Ninguém podia resistir à coisa.
Manaus, que as lendas do passado davam como a sede do Eldorado,
tornara-se efetivamente Eldorado. O ouro corria como água nas suas ruas e a
Cidade inteira palpitava com o recrudescimento do sonho de riqueza. Os Índios
que antes se embriagavam com rum, agora mergulhavam seu “Weltschmerz” em champanha. Comia-se até “patê de foie gras”, geleia de “Cross
& Blackwell”, biscoitos de “Huntley
& Palmers”, bebiam-se vinhos importados. Podia-se sentar a uma mesa
para jantar e tinha-se manteiga vinda de Cork, biscoitos de Boston, presunto do
Porto e batatas de Liverpool.
Caixeiros e barbeiros, homens de certa posição e mamelucos que, no
passado, mourejavam para ganhar um punhado de mil-réis, agora tinham visões de
milionários. Embrenhavam-se na ignota região do Amazonas com uma confiança que
causava espanto a Richard Spruce. Seria possível que aqueles loucos não
fizessem ideia do lugar para onde iam? O caucheiro começava sua vida de um modo
simples. Arranjava dinheiro, vendia a alma a um patrão para lhe pagar em
borracha, comprava uma piroga e mantimentos – farinha, peixe seco, garrafas de
vinho, sal, artigos caros de importação – depois adquiria mercadorias e, no fim
de tudo, machetes com que cortar e fazer porejar todas as árvores de borracha
que encontrasse.
De muitos que se haviam metido na empresa de obter a borracha e alcançar
a glória, nunca mais se teve notícia. Muitos outros voltaram, com o espanto
gravado na fisionomia, cheios de rugas pelos sustos que levaram, contando que
se viram perdidos, que tinham curtido as torturas e incômodos da fome, da sede,
da febre e das intempéries, que tinham lutado incessantemente contra enxames de
insetos que não se saciavam de mordê-los e chupar-lhes o sangue. Referiam as
suas tristes aventuras ao atravessarem pauis insondáveis, cheios de enguias
elétricas e florestas com arbustos e cipós que lhe retalhavam a carne.

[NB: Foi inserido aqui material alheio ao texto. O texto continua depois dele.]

(* For every $\Gamma\subseteq\mathcal{L}_{\Box\!\!\rightarrow}$, we have $(\Gamma,\emptyset)\notin\mathsf{N4CK}$; i.e. every set of formulas of $\mathcal{L}_{\Box\!\!\rightarrow}$ is verified at some point of some Nelsonian conditional model.
   Context: Let $\mathcal{L}_{\Box\!\!\rightarrow}$ be the language built from propositional variables $p_0,p_1,\dots$ with binary $\wedge,\vee,\to$, unary strong negation $\sim$, and a binary would-conditional $\Box\!\!\rightarrow$. A Nelsonian conditional model is $\mathcal{M}=(W,\leq,R,V^+,V^-)$ where $W\neq\emptyset$, $\leq$ is a preorder on $W$, $V^+,V^-$ map each variable to a $\leq$-upward-closed subset of $W$, and $R\subseteq W\times(\mathcal{P}(W)\times\mathcal{P}(W))\times W$ (write $R_{(X,Y)}(w,v)$ for $(w,(X,Y),v)\in R$) satisfies for all $X,Y\subseteq W$: (c1) if $w\leq w'$ and $R_{(X,Y)}(w,v)$ then $R_{(X,Y)}(w',v')$ for some $v'\geq v$; (c2) if $R_{(X,Y)}(w,v)$ and $v\leq v'$ then $R_{(X,Y)}(w',v')$ for some $w'\geq w$. Verification $\models^+$ and falsification $\models^-$ are defined inductively: $w\models^\pm p$ iff $w\in V^\pm(p)$; $\wedge$: verified iff both conjuncts verified, falsified iff one is falsified; $\vee$: verified iff one disjunct verified, falsified iff both falsified; $w\models^+\sim\psi$ iff $w\models^-\psi$ and $w\models^-\sim\psi$ iff $w\models^+\psi$; $w\models^+\psi\to\chi$ iff for all $v\geq w$, $v\models^+\psi$ implies $v\models^+\chi$; $w\models^-\psi\to\chi$ iff $w\models^+\psi$ and $w\models^-\chi$; $w\models^+\psi\Box\!\!\rightarrow\chi$ iff for all $v\geq w$ and all $u$ with $R_{\|\psi\|_\mathcal{M}}(v,u)$, $u\models^+\chi$; $w\models^-\psi\Box\!\!\rightarrow\chi$ iff some $u$ has $R_{\|\psi\|_\mathcal{M}}(w,u)$ and $u\models^-\chi$; here $\|\psi\|_\mathcal{M}=(\{w\mid w\models^+\psi\},\{w\mid w\models^-\psi\})$. $\mathsf{N4CK}$ is the set of pairs $(\Gamma,\Delta)$ of sets of formulas such that no pointed model verifies all members of $\Gamma$ while verifying no member of $\Delta$. *)

theory Defs
  imports Main
begin

datatype form =
    Var nat
  | Conj form form
  | Disj form form
  | Imp form form
  | SNeg form
  | Cond form form

text \<open>A Nelsonian conditional model with worlds of type 'w.
  R (X,Y) w v stands for R_(X,Y)(w,v).\<close>
record 'w ncmodel =
  W :: "'w set"
  le :: "'w \<Rightarrow> 'w \<Rightarrow> bool"
  R :: "'w set \<times> 'w set \<Rightarrow> 'w \<Rightarrow> 'w \<Rightarrow> bool"
  Vp :: "nat \<Rightarrow> 'w set"
  Vm :: "nat \<Rightarrow> 'w set"

definition upclosed :: "'w ncmodel \<Rightarrow> 'w set \<Rightarrow> bool" where
  "upclosed M A \<longleftrightarrow> A \<subseteq> W M \<and>
     (\<forall>w\<in>A. \<forall>v\<in>W M. le M w v \<longrightarrow> v \<in> A)"

definition is_model :: "'w ncmodel \<Rightarrow> bool" where
  "is_model M \<longleftrightarrow>
     W M \<noteq> {} \<and>
     (\<forall>w\<in>W M. le M w w) \<and>
     (\<forall>u\<in>W M. \<forall>v\<in>W M. \<forall>w\<in>W M. le M u v \<longrightarrow> le M v w \<longrightarrow> le M u w) \<and>
     (\<forall>p. upclosed M (Vp M p) \<and> upclosed M (Vm M p)) \<and>
     (\<forall>X Y w v. R M (X,Y) w v \<longrightarrow> w \<in> W M \<and> v \<in> W M) \<and>
     (\<forall>X Y. X \<subseteq> W M \<longrightarrow> Y \<subseteq> W M \<longrightarrow>
        (\<forall>w\<in>W M. \<forall>w'\<in>W M. \<forall>v\<in>W M. le M w w' \<longrightarrow> R M (X,Y) w v \<longrightarrow>
            (\<exists>v'\<in>W M. le M v v' \<and> R M (X,Y) w' v')) \<and>
        (\<forall>w\<in>W M. \<forall>v\<in>W M. \<forall>v'\<in>W M. R M (X,Y) w v \<longrightarrow> le M v v' \<longrightarrow>
            (\<exists>w'\<in>W M. le M w w' \<and> R M (X,Y) w' v')))"

text \<open>sat M True w A: w verifies A;  sat M False w A: w falsifies A.\<close>
fun sat :: "'w ncmodel \<Rightarrow> bool \<Rightarrow> 'w \<Rightarrow> form \<Rightarrow> bool" where
  "sat M True w (Var p) = (w \<in> Vp M p)"
| "sat M False w (Var p) = (w \<in> Vm M p)"
| "sat M True w (Conj a b) = (sat M True w a \<and> sat M True w b)"
| "sat M False w (Conj a b) = (sat M False w a \<or> sat M False w b)"
| "sat M True w (Disj a b) = (sat M True w a \<or> sat M True w b)"
| "sat M False w (Disj a b) = (sat M False w a \<and> sat M False w b)"
| "sat M True w (SNeg a) = sat M False w a"
| "sat M False w (SNeg a) = sat M True w a"
| "sat M True w (Imp a b) =
     (\<forall>v\<in>W M. le M w v \<longrightarrow> sat M True v a \<longrightarrow> sat M True v b)"
| "sat M False w (Imp a b) = (sat M True w a \<and> sat M False w b)"
| "sat M True w (Cond a b) =
     (\<forall>v\<in>W M. le M w v \<longrightarrow>
        (\<forall>u. R M ({x\<in>W M. sat M True x a}, {x\<in>W M. sat M False x a}) v u \<longrightarrow> sat M True u b))"
| "sat M False w (Cond a b) =
     (\<exists>u. R M ({x\<in>W M. sat M True x a}, {x\<in>W M. sat M False x a}) w u \<and> sat M False u b)"

text \<open>N4CK relative to models whose worlds are drawn from the type 'w.\<close>
definition N4CK :: "'w itself \<Rightarrow> (form set \<times> form set) set" where
  "N4CK _ = {(\<Gamma>, \<Delta>). \<not> (\<exists>(M::'w ncmodel) w. is_model M \<and> w \<in> W M \<and>
        (\<forall>A\<in>\<Gamma>. sat M True w A) \<and> (\<forall>B\<in>\<Delta>. \<not> sat M True w B))}"

end

theory Submission
  imports Defs
begin

text \<open>Make every variable both verified and falsified everywhere and all relations total. Then
  every formula is both verified and falsified at every world, since each clause of the
  semantics is satisfied by such a glut, so this single model verifies every set of formulas.\<close>

definition glut_model :: "'w ncmodel" where
  "glut_model = \<lparr>W = UNIV, le = (\<lambda>_ _. True), R = (\<lambda>_ _ _. True),
                 Vp = (\<lambda>_. UNIV), Vm = (\<lambda>_. UNIV)\<rparr>"

lemma is_model_glut_model: "is_model glut_model"
  by (auto simp: is_model_def upclosed_def glut_model_def)

lemma sat_glut_model: "sat glut_model True w A \<and> sat glut_model False w A"
  by (induction A arbitrary: w) (auto simp: glut_model_def)

theorem proposition6:
  fixes \<Gamma> :: "form set"
  shows "(\<Gamma>, {}) \<notin> N4CK TYPE('w)"
proof -
  let ?M = "glut_model :: 'w ncmodel"
  obtain w where "w \<in> W ?M"
    by (simp add: glut_model_def)
  moreover have "\<forall>A\<in>\<Gamma>. sat ?M True w A"
    by (simp add: sat_glut_model)
  ultimately show ?thesis
    using is_model_glut_model unfolding N4CK_def by blast
qed

end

Spruce queria ver o progresso chegar ao Amazonas, mas nunca supôs que ele
lá seria introduzido dessa maneira. Velhos negociantes que noutros tempos
comerciavam em insignificantes quantidades com a opulência da Amazônia, eram
agora verdadeiros nababos. Ébrios com o seu triunfo e com a champanha importada,
descreviam para Spruce o que seria Manaus dentro de poucos anos. E, por mais
que carregassem nas tintas do quadro, tudo o que diziam ainda seria inferior à
realidade: dentro de 25 anos Manaus se transformou da Aldeia de 3.000 almas que
era, na populosa e alucinante metrópole de seus 100.000 habitantes. Transatlânticos
fariam escalas obrigatórias junto às suas docas flutuantes, teatros líricos de
mármore seriam construídos, bondes elétricos atravessariam velozmente suas ruas
calçadas, capital estrangeiro superior a 40 milhões de dólares seria aplicado
na Cidade edificada sobre o pântano do ouro negro. Richard Spruce sentiu um
arrepio ao pensar naquilo que ele inconscientemente tinha ajudado a formar.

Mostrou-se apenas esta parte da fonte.